> **Prompt**
Could you reproduce the lines below from the one with "using assms(3) by" through the one with "(kg - ?s a2)."? Keep both ends and add nothing.

(Data records Opens)

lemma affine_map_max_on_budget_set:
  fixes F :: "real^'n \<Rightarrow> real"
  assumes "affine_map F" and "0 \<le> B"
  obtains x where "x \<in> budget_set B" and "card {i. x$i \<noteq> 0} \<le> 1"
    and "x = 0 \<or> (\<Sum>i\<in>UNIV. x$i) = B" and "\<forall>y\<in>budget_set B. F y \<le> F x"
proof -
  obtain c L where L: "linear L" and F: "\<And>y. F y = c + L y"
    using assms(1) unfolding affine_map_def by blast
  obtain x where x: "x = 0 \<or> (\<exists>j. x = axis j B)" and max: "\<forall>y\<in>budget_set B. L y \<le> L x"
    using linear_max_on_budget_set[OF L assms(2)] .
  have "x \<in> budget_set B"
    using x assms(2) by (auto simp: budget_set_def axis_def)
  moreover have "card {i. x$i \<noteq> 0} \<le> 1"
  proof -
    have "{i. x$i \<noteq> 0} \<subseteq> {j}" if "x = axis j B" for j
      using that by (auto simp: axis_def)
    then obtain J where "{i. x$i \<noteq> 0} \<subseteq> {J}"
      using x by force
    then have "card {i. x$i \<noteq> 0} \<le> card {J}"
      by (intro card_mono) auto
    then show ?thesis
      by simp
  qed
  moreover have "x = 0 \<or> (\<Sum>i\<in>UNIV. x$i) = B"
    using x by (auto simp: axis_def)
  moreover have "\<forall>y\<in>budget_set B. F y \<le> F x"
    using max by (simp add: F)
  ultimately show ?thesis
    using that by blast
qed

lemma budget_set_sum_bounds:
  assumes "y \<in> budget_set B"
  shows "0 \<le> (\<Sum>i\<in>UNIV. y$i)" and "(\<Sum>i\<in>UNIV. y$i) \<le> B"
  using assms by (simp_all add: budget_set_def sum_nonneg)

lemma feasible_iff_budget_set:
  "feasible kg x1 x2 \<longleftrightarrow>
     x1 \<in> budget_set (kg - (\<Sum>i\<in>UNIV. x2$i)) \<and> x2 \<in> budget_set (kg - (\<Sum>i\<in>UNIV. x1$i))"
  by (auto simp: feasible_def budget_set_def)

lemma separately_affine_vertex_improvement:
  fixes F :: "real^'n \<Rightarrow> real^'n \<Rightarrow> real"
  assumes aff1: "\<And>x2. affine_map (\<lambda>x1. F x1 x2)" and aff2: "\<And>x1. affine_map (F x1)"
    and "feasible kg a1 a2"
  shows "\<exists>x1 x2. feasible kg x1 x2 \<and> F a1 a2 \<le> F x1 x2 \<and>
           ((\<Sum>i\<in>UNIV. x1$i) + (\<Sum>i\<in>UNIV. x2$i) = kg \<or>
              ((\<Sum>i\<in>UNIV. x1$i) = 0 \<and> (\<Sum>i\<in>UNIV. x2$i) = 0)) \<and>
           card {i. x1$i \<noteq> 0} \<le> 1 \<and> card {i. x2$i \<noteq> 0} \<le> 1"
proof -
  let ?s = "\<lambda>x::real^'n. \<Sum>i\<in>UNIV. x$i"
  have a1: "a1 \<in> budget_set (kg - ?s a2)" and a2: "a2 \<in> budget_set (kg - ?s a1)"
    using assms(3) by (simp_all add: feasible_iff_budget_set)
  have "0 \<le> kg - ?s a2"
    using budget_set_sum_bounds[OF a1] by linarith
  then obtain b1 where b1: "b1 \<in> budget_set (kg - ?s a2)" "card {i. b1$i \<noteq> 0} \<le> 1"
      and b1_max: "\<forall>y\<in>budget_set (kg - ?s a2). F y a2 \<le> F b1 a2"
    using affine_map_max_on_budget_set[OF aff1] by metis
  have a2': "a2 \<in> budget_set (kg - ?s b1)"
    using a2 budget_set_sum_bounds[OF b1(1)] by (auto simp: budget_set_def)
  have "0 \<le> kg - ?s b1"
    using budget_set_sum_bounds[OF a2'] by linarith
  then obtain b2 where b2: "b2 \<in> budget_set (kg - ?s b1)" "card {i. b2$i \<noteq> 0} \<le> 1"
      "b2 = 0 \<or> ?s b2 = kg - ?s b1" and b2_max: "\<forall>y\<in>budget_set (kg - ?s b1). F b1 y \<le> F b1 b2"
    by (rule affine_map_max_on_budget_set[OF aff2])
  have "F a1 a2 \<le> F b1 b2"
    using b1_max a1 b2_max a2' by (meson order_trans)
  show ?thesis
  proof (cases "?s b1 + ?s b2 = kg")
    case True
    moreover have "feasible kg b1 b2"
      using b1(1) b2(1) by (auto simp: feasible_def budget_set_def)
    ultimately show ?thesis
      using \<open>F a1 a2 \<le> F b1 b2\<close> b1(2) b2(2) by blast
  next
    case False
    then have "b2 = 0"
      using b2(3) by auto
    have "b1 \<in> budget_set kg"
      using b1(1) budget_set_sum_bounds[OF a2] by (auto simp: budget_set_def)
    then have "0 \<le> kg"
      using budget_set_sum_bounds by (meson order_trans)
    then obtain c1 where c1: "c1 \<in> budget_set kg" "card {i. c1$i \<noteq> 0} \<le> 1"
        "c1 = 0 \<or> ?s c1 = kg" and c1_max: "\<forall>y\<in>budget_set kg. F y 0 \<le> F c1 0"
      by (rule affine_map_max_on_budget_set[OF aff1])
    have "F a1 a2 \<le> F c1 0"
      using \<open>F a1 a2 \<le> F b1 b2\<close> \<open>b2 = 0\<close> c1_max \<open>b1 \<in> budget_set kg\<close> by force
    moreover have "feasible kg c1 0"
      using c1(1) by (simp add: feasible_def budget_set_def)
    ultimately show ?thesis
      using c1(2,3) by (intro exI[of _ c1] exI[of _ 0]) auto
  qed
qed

(Data records Closes)

> **Result of the task**
    using assms(3) by (simp_all add: feasible_iff_budget_set)
  have "0 \<le> kg - ?s a2"
    using budget_set_sum_bounds[OF a1] by linarith
  then obtain b1 where b1: "b1 \<in> budget_set (kg - ?s a2)" "card {i. b1$i \<noteq> 0} \<le> 1"
      and b1_max: "\<forall>y\<in>budget_set (kg - ?s a2). F y a2 \<le> F b1 a2"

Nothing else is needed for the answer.